Masterpiece (formerly known as Masterpiece Theatre) is a drama anthology television series produced by WGBH Boston. It premiered on Public Broadcasting Service (PBS) on January 10, 1971. The series has presented numerous acclaimed British productions. Many of these are produced by the BBC, but the line-up has also included programs shown on the UK commercial channels ITV and Channel 4.

Overview 
Masterpiece is known for presenting adaptations of novels and biographies, but it also shows original television dramas. The first title to air was The First Churchills, starring Susan Hampshire as Sarah Churchill. Other programs presented on the series include The Six Wives of Henry VIII; Elizabeth R; I, Claudius; Upstairs, Downstairs; The Duchess of Duke Street; The Citadel; The Jewel in the Crown; Reckless; House of Cards; Traffik, and Jeeves and Wooster. More recent popular titles include Prime Suspect, The Forsyte Saga, Sherlock, and Downton Abbey.

The theme music played during the opening credits is the Fanfare-Rondeau from Suite of Symphonies for brass, strings and timpani No. 1 by French composer Jean-Joseph Mouret. The theme was performed by Collegium Musicum de Paris. Roland Douatte was the conductor. It was recorded in 1954 by Vogue Records in Paris, France, and was later remastered in stereo and re-released by Nonesuch Records in the 1960s.

During the first seasons in the 1970s, the theme music accompanied varying closeup shots of a waving British flag, which panned out into a still image of a British flag on a staff serving as the P in "Masterpiece".  In the late 1970s, the opening video switched to views of antique books and other literary artifacts, many of which titles had been dramatized on the program.

In 1980, Masterpiece gained a sister series, Mystery!, featuring a mix of contemporary and classic British detective and crime series, such as The Inspector Lynley Mysteries, Agatha Christie's Miss Marple, and Touching Evil.  In 2000, to commemorate the 30th anniversary of the show, it presented Masterpiece: The American Collection, nine works by American writers, including Thornton Wilder's Our Town, starring Paul Newman.

Awards and nominations 
One of television's most honored series, the various shows aired on Masterpiece have won numerous Emmy and Peabody Awards.

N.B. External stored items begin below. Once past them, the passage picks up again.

lemma sum_cube_prod_nth:
  fixes f :: "nat \<Rightarrow> bool \<Rightarrow> 'a :: comm_semiring_1"
  shows "(\<Sum>s\<in>cube n. \<Prod>i<n. f i (s ! i)) = (\<Prod>i<n. f i True + f i False)"
proof (induction n arbitrary: f)
  case 0
  have "cube 0 = {[]}" by (auto simp: cube_def)
  then show ?case by simp
next
  case (Suc n)
  have inj: "inj_on (\<lambda>(b, s). b # s) (UNIV \<times> cube n)"
    by (auto simp: inj_on_def)
  have "(\<Sum>s\<in>cube (Suc n). \<Prod>i<Suc n. f i (s ! i))
      = (\<Sum>b\<in>UNIV. \<Sum>s\<in>cube n. f 0 b * (\<Prod>i<n. f (Suc i) (s ! i)))"
    unfolding cube_Suc sum.reindex[OF inj] sum.cartesian_product
    by (simp add: prod.lessThan_Suc_shift case_prod_unfold del: prod.lessThan_Suc)
  also have "\<dots> = (f 0 True + f 0 False) * (\<Prod>i<n. f (Suc i) True + f (Suc i) False)"
    using Suc[of "\<lambda>i. f (Suc i)"] by (simp add: UNIV_bool sum_distrib_left[symmetric] algebra_simps)
  also have "\<dots> = (\<Prod>i<Suc n. f i True + f i False)"
    by (simp add: prod.lessThan_Suc_shift del: prod.lessThan_Suc)
  finally show ?case .
qed

definition parity_char :: "nat \<Rightarrow> bool list \<Rightarrow> bool list \<Rightarrow> real" where
  "parity_char n s x = (\<Prod>i<n. if s ! i \<and> x ! i then -1 else 1)"

lemma parity_char_commute: "parity_char n s x = parity_char n x s"
  unfolding parity_char_def by (simp add: conj_commute)

lemma parity_char_dotmod2: "parity_char n s x = (if dotmod2 n s x = 0 then 1 else -1)"
proof -
  have "parity_char n s x = (-1) ^ (\<Sum>i<n. if s ! i \<and> x ! i then 1 else 0)"
    unfolding parity_char_def power_sum by (rule prod.cong) auto
  then show ?thesis
    by (simp add: dotmod2_def minus_one_power_iff even_iff_mod_2_eq_zero)
qed

lemma parity_char_replicate_False: "parity_char n s (replicate n False) = 1"
  unfolding parity_char_def by (rule prod.neutral) auto

lemma sum_parity_char_mult:
  assumes "x \<in> cube n" "y \<in> cube n"
  shows "(\<Sum>s\<in>cube n. parity_char n s x * parity_char n s y) = (if x = y then 2 ^ n else 0)"
proof -
  have "(\<Sum>s\<in>cube n. parity_char n s x * parity_char n s y)
      = (\<Prod>i<n. (if x ! i then -1 else 1) * (if y ! i then -1 else 1) + 1)"
    unfolding parity_char_def prod.distrib[symmetric]
    using sum_cube_prod_nth[of "\<lambda>i b. (if b \<and> x ! i then -1 else 1) * (if b \<and> y ! i then -1 else (1::real))"]
    by simp
  also have "\<dots> = (\<Prod>i<n. if x ! i = y ! i then 2 else 0)"
    by (rule prod.cong) auto
  also have "\<dots> = (if x = y then 2 ^ n else 0)"
  proof (cases "x = y")
    case False
    have "length x = n" "length y = n" using assms by (simp_all add: cube_def)
    with False obtain i where "i < n" "x ! i \<noteq> y ! i"
      using nth_equalityI by force
    then have "(\<Prod>i<n. if x ! i = y ! i then 2 else 0) = (0::real)"
      by (intro prod_zero) auto
    with False show ?thesis by simp
  qed simp
  finally show ?thesis .
qed

definition fourier_coeff :: "nat \<Rightarrow> (bool list \<Rightarrow> real) \<Rightarrow> bool list \<Rightarrow> real" where
  "fourier_coeff n g s = (\<Sum>x\<in>cube n. g x * parity_char n s x)"

lemma parseval:
  "(\<Sum>s\<in>cube n. (fourier_coeff n g s)\<^sup>2) = 2 ^ n * (\<Sum>x\<in>cube n. (g x)\<^sup>2)"
proof -
  let ?F = "\<lambda>s x y. g x * g y * (parity_char n s x * parity_char n s y)"
  have "(fourier_coeff n g s)\<^sup>2 = (\<Sum>x\<in>cube n. \<Sum>y\<in>cube n. ?F s x y)" for s
    unfolding fourier_coeff_def power2_eq_square sum_product by (simp only: mult_ac)
  then have "(\<Sum>s\<in>cube n. (fourier_coeff n g s)\<^sup>2) = (\<Sum>s\<in>cube n. \<Sum>x\<in>cube n. \<Sum>y\<in>cube n. ?F s x y)"
    by simp
  also have "\<dots> = (\<Sum>x\<in>cube n. \<Sum>y\<in>cube n. \<Sum>s\<in>cube n. ?F s x y)"
    by (subst sum.swap) (rule sum.cong[OF refl sum.swap])
  also have "\<dots> = (\<Sum>x\<in>cube n. \<Sum>y\<in>cube n. if x = y then 2 ^ n * (g x)\<^sup>2 else 0)"
    by (intro sum.cong refl) (simp add: sum_distrib_left[symmetric] sum_parity_char_mult power2_eq_square)
  also have "\<dots> = 2 ^ n * (\<Sum>x\<in>cube n. (g x)\<^sup>2)"
    by (simp add: sum_distrib_left)
  finally show ?thesis .
qed

lemma sum_dotmod2_eq_0:
  "(\<Sum>x\<in>{x \<in> cube n. dotmod2 n s x = 0}. g x) = ((\<Sum>x\<in>cube n. g x) + fourier_coeff n g s) / 2"
proof -
  have "(\<Sum>x\<in>{x \<in> cube n. dotmod2 n s x = 0}. g x) = (\<Sum>x\<in>cube n. if dotmod2 n s x = 0 then g x else 0)"
    by (simp add: sum.inter_filter)
  also have "\<dots> = (\<Sum>x\<in>cube n. (g x + g x * parity_char n s x) / 2)"
    by (intro sum.cong refl) (simp add: parity_char_dotmod2)
  finally show ?thesis
    by (simp add: fourier_coeff_def sum_divide_distrib[symmetric] sum.distrib)
qed

lemma dotmod2_replicate_False: "dotmod2 n s (replicate n False) = 0"
  using parity_char_replicate_False[of n s] by (simp add: parity_char_dotmod2 split: if_splits)

lemma card_dotmod2_eq_0:
  assumes "s \<in> cube n" "s \<noteq> replicate n False"
  shows "real (card {x \<in> cube n. dotmod2 n s x = 0}) = 2 ^ n / 2"
proof -
  have "fourier_coeff n (\<lambda>_. 1) s = (\<Sum>x\<in>cube n. parity_char n x s * parity_char n x (replicate n False))"
    by (simp add: fourier_coeff_def parity_char_commute parity_char_replicate_False)
  also have "\<dots> = 0"
    using assms by (simp add: sum_parity_char_mult)
  finally show ?thesis
    using sum_dotmod2_eq_0[where g = "\<lambda>_. 1"] by (simp add: card_cube)
qed

lemma Sf_negpar:
  "Sf n (negpar n s) = {x \<in> cube n. dotmod2 n s x = 0} - {replicate n False}"
  by (auto simp: Sf_def negpar_def Xn_def)

lemma avg_Sf_negpar:
  assumes "s \<in> cube n" "s \<noteq> replicate n False"
  shows "avg (Sf n (negpar n s)) g
    = ((\<Sum>x\<in>cube n. g x) + fourier_coeff n g s - 2 * g (replicate n False)) / (2 ^ n - 2)"
proof -
  define A where "A = {x \<in> cube n. dotmod2 n s x = 0}"
  have zero_in_A: "replicate n False \<in> A" and "finite A"
    by (simp_all add: A_def dotmod2_replicate_False)
  then have sum_Sf: "(\<Sum>x\<in>Sf n (negpar n s). g x)
      = ((\<Sum>x\<in>cube n. g x) + fourier_coeff n g s - 2 * g (replicate n False)) / 2"
    using sum_dotmod2_eq_0[of g n s] by (simp add: Sf_negpar sum_diff1 A_def[symmetric])
  have "card A \<noteq> 0"
    using zero_in_A \<open>finite A\<close> by auto
  then have card_Sf: "real (card (Sf n (negpar n s))) = (2 ^ n - 2) / 2"
    using zero_in_A card_dotmod2_eq_0[OF assms] by (simp add: Sf_negpar A_def[symmetric] of_nat_diff)
  show ?thesis
    unfolding avg_def sum_Sf card_Sf
    by (simp only: divide_divide_times_eq mult.commute[of _ 2] mult_divide_mult_cancel_left_if) simp
qed

lemma deviation_bound:
  fixes N M D Z :: real
  assumes "2 < N" "\<bar>M\<bar> \<le> N" "\<bar>Z\<bar> \<le> 1"
  shows "\<bar>(M + D - 2 * Z) / (N - 2) - M / N\<bar> * (N - 2) \<le> \<bar>D\<bar> + 4"
proof -
  have "N \<noteq> 0" "N - 2 \<noteq> 0"
    using assms(1) by auto
  then have expand: "((M + D - 2 * Z) / (N - 2) - M / N) * (N - 2) = D - 2 * Z + 2 * (M / N)"
    by (simp add: divide_simps) (simp add: algebra_simps)
  have scale: "\<bar>x\<bar> * (N - 2) = \<bar>x * (N - 2)\<bar>" for x
    using assms(1) by (simp add: abs_mult)
  have "\<bar>M / N\<bar> \<le> 1"
    using assms(1,2) by simp
  then show ?thesis
    unfolding scale expand using assms(3) by linarith
qed

lemma not_independent_imp_large_fourier_coeff:
  assumes "\<forall>x\<in>cube n. \<bar>g x\<bar> \<le> 1" "s \<in> cube n" "s \<noteq> replicate n False"
    and "\<not> xi_independent n e (negpar n s) g"
  shows "e * (2 ^ n - 2) - 4 < \<bar>fourier_coeff n g s\<bar>"
proof (cases "n = 1")
  case False
  with assms(2,3) have "2 \<le> n"
    by (cases n) (auto simp: cube_def)
  then have N: "(2::real) < 2 ^ n"
    using power_strict_increasing[of 1 n "2::real"] by simp
  define M where "M = (\<Sum>x\<in>cube n. g x)"
  define a where "a = avg (Sf n (negpar n s)) g - M / 2 ^ n"
  have "\<bar>M\<bar> \<le> (\<Sum>x\<in>cube n. \<bar>g x\<bar>)"
    unfolding M_def by (rule sum_abs)
  also have "\<dots> \<le> (\<Sum>x\<in>cube n. 1)"
    using assms(1) by (intro sum_mono) simp
  finally have "\<bar>M\<bar> \<le> 2 ^ n"
    by (simp add: card_cube)
  then have "\<bar>a\<bar> * (2 ^ n - 2) \<le> \<bar>fourier_coeff n g s\<bar> + 4"
    using deviation_bound[OF N] assms(1)
    by (simp add: a_def M_def avg_Sf_negpar[OF assms(2,3)])
  moreover have "e < \<bar>a\<bar>"
    using assms(4) by (simp add: xi_independent_def avg_def card_cube a_def M_def)
  then have "e * (2 ^ n - 2) < \<bar>a\<bar> * (2 ^ n - 2)"
    using N by (simp add: mult_strict_right_mono)
  ultimately show ?thesis
    by linarith
qed simp \<comment> \<open>for n = 1 the threshold is -4\<close>

lemma card_abs_gt_le_sum_squares:
  fixes h :: "'a \<Rightarrow> real"
  assumes "finite A" "0 < t"
  shows "real (card {s \<in> A. t < \<bar>h s\<bar>}) \<le> (\<Sum>s\<in>A. (h s)\<^sup>2) / t\<^sup>2"
proof -
  have "real (card {s \<in> A. t < \<bar>h s\<bar>}) * t\<^sup>2 = (\<Sum>s\<in>{s \<in> A. t < \<bar>h s\<bar>}. t\<^sup>2)"
    by simp
  also have "\<dots> \<le> (\<Sum>s\<in>{s \<in> A. t < \<bar>h s\<bar>}. (h s)\<^sup>2)"
    using assms(2) by (intro sum_mono) (simp add: abs_le_square_iff[symmetric])
  also have "\<dots> \<le> (\<Sum>s\<in>A. (h s)\<^sup>2)"
    using assms(1) by (intro sum_mono2) auto
  finally show ?thesis
    using assms(2) by (simp add: pos_le_divide_eq)
qed

lemma card_not_independent_le:
  assumes "\<forall>x\<in>cube n. \<bar>g x\<bar> \<le> 1" "0 < e * (2 ^ n - 2) - 4"
  shows "real (card {f \<in> Cn n. \<not> xi_independent n e f g}) \<le> 4 ^ n / (e * (2 ^ n - 2) - 4)\<^sup>2 + 1"
proof -
  define T where "T = e * (2 ^ n - 2) - 4"
  define B where "B = {s \<in> cube n. T < \<bar>fourier_coeff n g s\<bar>}"
  have "{f \<in> Cn n. \<not> xi_independent n e f g} \<subseteq> negpar n ` insert (replicate n False) B"
    using not_independent_imp_large_fourier_coeff[OF assms(1)] by (auto simp: Cn_def B_def T_def)
  then have "card {f \<in> Cn n. \<not> xi_independent n e f g} \<le> card (negpar n ` insert (replicate n False) B)"
    by (rule card_mono[rotated]) (simp add: B_def)
  also have "\<dots> \<le> card (insert (replicate n False) B)"
    by (rule card_image_le) (simp add: B_def)
  also have "\<dots> \<le> card B + 1"
    by (simp add: card_insert_if B_def)
  finally have card_le: "real (card {f \<in> Cn n. \<not> xi_independent n e f g}) \<le> real (card B) + 1"
    by linarith
  have "(\<Sum>x\<in>cube n. (g x)\<^sup>2) \<le> (\<Sum>x\<in>cube n. 1)"
    using assms(1) by (intro sum_mono) (simp add: abs_square_le_1)
  then have "(\<Sum>s\<in>cube n. (fourier_coeff n g s)\<^sup>2) \<le> 2 ^ n * 2 ^ n"
    by (simp add: parseval card_cube)
  also have "\<dots> = 4 ^ n"
    by (simp flip: power_mult_distrib)
  finally have sum_squares_le: "(\<Sum>s\<in>cube n. (fourier_coeff n g s)\<^sup>2) \<le> 4 ^ n" .
  have "real (card B) \<le> (\<Sum>s\<in>cube n. (fourier_coeff n g s)\<^sup>2) / T\<^sup>2"
    unfolding B_def using assms(2) by (intro card_abs_gt_le_sum_squares) (simp_all add: T_def)
  also have "\<dots> \<le> 4 ^ n / T\<^sup>2"
    using sum_squares_le by (rule divide_right_mono) simp
  finally show ?thesis
    using card_le by (simp add: T_def)
qed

In 2013, TV Guide ranked it #3 in its list of the 60 Greatest Dramas of All Time and #16 in its list of the 60 Greatest Shows of All Time.

History 
The success of the broadcast of the 1967 version of The Forsyte Saga on NET (the precursor of PBS) led Stanford Calderwood, then serving as president of WGBH, to investigate whether the BBC would sell programs to the station. Suggestions for the series format came from, among others, Frank Gillard in the UK and Christopher Sarson in the US. In looking for an underwriter for the series, Calderwood eventually met with Herb Schmertz of Mobil Corporation. Schmertz was able to gain funding for the show, and with Joan Wilson of WGBH-TV bought the US distribution rights for fifty hours of British dramas for about $1 million per year. He and several other men, including Frank Marshall, met in London and made a selection of programs to be broadcast.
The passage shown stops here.